───── STUDY MATERIAL ─────

lemma eigenfamily_transfer:
  assumes lam: "lam \<noteq> 0" and s: "\<And>n. n < E \<Longrightarrow> s n \<noteq> 0"
    and transfer: "\<And>f. P lam f \<Longrightarrow> \<exists>d. solves_edges E x lam f d \<and> Q lam (\<lambda>n t. s n * d n t)"
    and P: "\<forall>i<m. P lam (phi i)" and li: "lin_indep E x m phi"
  shows "\<exists>psi. (\<forall>i<m. Q lam (psi i)) \<and> lin_indep E x m psi"
proof -
  have "\<forall>i\<in>{..<m}. \<exists>d. solves_edges E x lam (phi i) d \<and> Q lam (\<lambda>n t. s n * d n t)"
    using P transfer by simp
  from bchoice[OF this] obtain d
    where d: "\<forall>i\<in>{..<m}. solves_edges E x lam (phi i) (d i) \<and> Q lam (\<lambda>n t. s n * d i n t)"
    by blast
  then have "lin_indep E x m (\<lambda>i n t. s n * d i n t)"
    by (intro lin_indep_scaled_derivatives[OF _ lam s li]) simp
  then show ?thesis
    using d by (intro exI[of _ "\<lambda>i n t. s n * d i n t"]) simp
qed

end

section \<open>The sign twist on bipartite graphs\<close>

definition endpoint_sign :: "nat set set \<Rightarrow> nat \<Rightarrow> real" where
  "endpoint_sign V1 j = (if \<exists>v\<in>V1. j \<in> v then 1 else -1)"

definition edge_sign :: "nat set set \<Rightarrow> nat \<Rightarrow> real" where
  "edge_sign V1 n = endpoint_sign V1 (2*n)"

locale bipartite_metric_graph = compact_metric_graph +
  fixes V1 :: "nat set set"
  assumes V1_subset: "V1 \<subseteq> Vs"
    and edge_joins_classes:
      "\<And>n v w. n < E \<Longrightarrow> v \<in> Vs \<Longrightarrow> w \<in> Vs \<Longrightarrow> 2*n \<in> v \<Longrightarrow> 2*n+1 \<in> w \<Longrightarrow>
        v \<in> V1 \<longleftrightarrow> w \<notin> V1"
begin

lemma endpoint_sign_at_vertex:
  assumes "v \<in> Vs" "j \<in> v"
  shows "endpoint_sign V1 j = (if v \<in> V1 then 1 else -1)"
proof (cases "v \<in> V1")
  case True
  then show ?thesis using assms(2) unfolding endpoint_sign_def by auto
next
  case False
  have "\<not> (\<exists>w\<in>V1. j \<in> w)"
    using False V1_subset vertex_eqI[OF _ assms(1) _ assms(2)] by blast
  then show ?thesis using False unfolding endpoint_sign_def by simp
qed

lemma edge_sign_nonzero: "edge_sign V1 n \<noteq> 0"
  unfolding edge_sign_def endpoint_sign_def by simp

lemma endpoint_sign_oriented:
  assumes "j < 2*E"
  shows "endpoint_sign V1 j = (if even j then edge_sign V1 (j div 2) else - edge_sign V1 (j div 2))"
proof -
  define n where "n = j div 2"
  have n: "n < E" using assms unfolding n_def by simp
  obtain v w where v: "v \<in> Vs" "2*n \<in> v" and w: "w \<in> Vs" "2*n+1 \<in> w"
    using endpoint_vertex[of "2*n"] endpoint_vertex[of "2*n+1"] n by auto
  have "endpoint_sign V1 (2*n+1) = - endpoint_sign V1 (2*n)"
    using endpoint_sign_at_vertex[OF v] endpoint_sign_at_vertex[OF w]
      edge_joins_classes[OF n v(1) w(1) v(2) w(2)] by auto
  moreover have "j = 2*n \<or> j = 2*n+1" unfolding n_def by presburger
  ultimately show ?thesis unfolding edge_sign_def n_def[symmetric] by auto
qed

lemma sign_twist_at_vertex:
  assumes "v \<in> Vs" "j \<in> v"
  shows endval_sign_twist:
      "endval (\<lambda>n t. edge_sign V1 n * h n t) x j = (if v \<in> V1 then 1 else -1) * endder h x j"
    and endder_sign_twist:
      "endder (\<lambda>n t. edge_sign V1 n * h n t) x j = (if v \<in> V1 then 1 else -1) * endval h x j"
  using endpoint_sign_oriented[OF endpoint_less[OF assms]] endpoint_sign_at_vertex[OF assms]
  unfolding endval_def endder_def by (cases "even j"; simp)+

lemma stD_sign_twist:
  assumes BV: "B \<subseteq> Vs" and ef: "eigfun_stD E x Vs B lam f"
  shows "\<exists>d. solves_edges E x lam f d \<and> eigfun_astN E x Vs B lam (\<lambda>n t. edge_sign V1 n * d n t)"
proof -
  obtain d where se: "solves_edges E x lam f d" and on_B: "\<forall>v\<in>B. \<forall>j\<in>v. endval f x j = 0"
    and st: "\<forall>v\<in>Vs - B. standard_cond v (endval f x) (endder d x)"
    using ef unfolding eigfun_stD_def by blast
  let ?F = "\<lambda>n t. edge_sign V1 n * d n t"
  let ?D = "\<lambda>n t. edge_sign V1 n * (- lam * f n t)"
  have der: "endder ?D x j = ((if v \<in> V1 then 1 else -1) * - lam) * endval f x j"
    if "v \<in> Vs" "j \<in> v" for v j
    using endder_sign_twist[OF that, of "\<lambda>n t. - lam * f n t"] unfolding endval_def by simp
  have "eigfun_astN E x Vs B lam ?F"
    unfolding eigfun_astN_def
  proof (intro exI[of _ ?D] conjI ballI)
    show "solves_edges E x lam ?F ?D"
      by (rule solves_edges_edge_scale[OF solves_edges_derivative[OF se]])
    fix v j assume "v \<in> B" "j \<in> v"
    then show "endder ?D x j = 0" using der[of v j] on_B BV by auto
  next
    fix v assume v: "v \<in> Vs - B"
    then have "antistandard_cond v (\<lambda>j. (if v \<in> V1 then 1 else -1) * endder d x j)
        (\<lambda>j. ((if v \<in> V1 then 1 else -1) * - lam) * endval f x j)"
      using st by (intro antistandard_cond_of_standard) blast
    then show "antistandard_cond v (endval ?F x) (endder ?D x)"
      using v endval_sign_twist der by (subst antistandard_cond_cong[of v]) auto
  qed
  with se show ?thesis by (intro exI[of _ d] conjI)
qed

─────

- **YOUR GOAL**
Where a line in the records above contains the word "assms", include it in the count; state the total and nothing more.

- **TASK RESULT**
4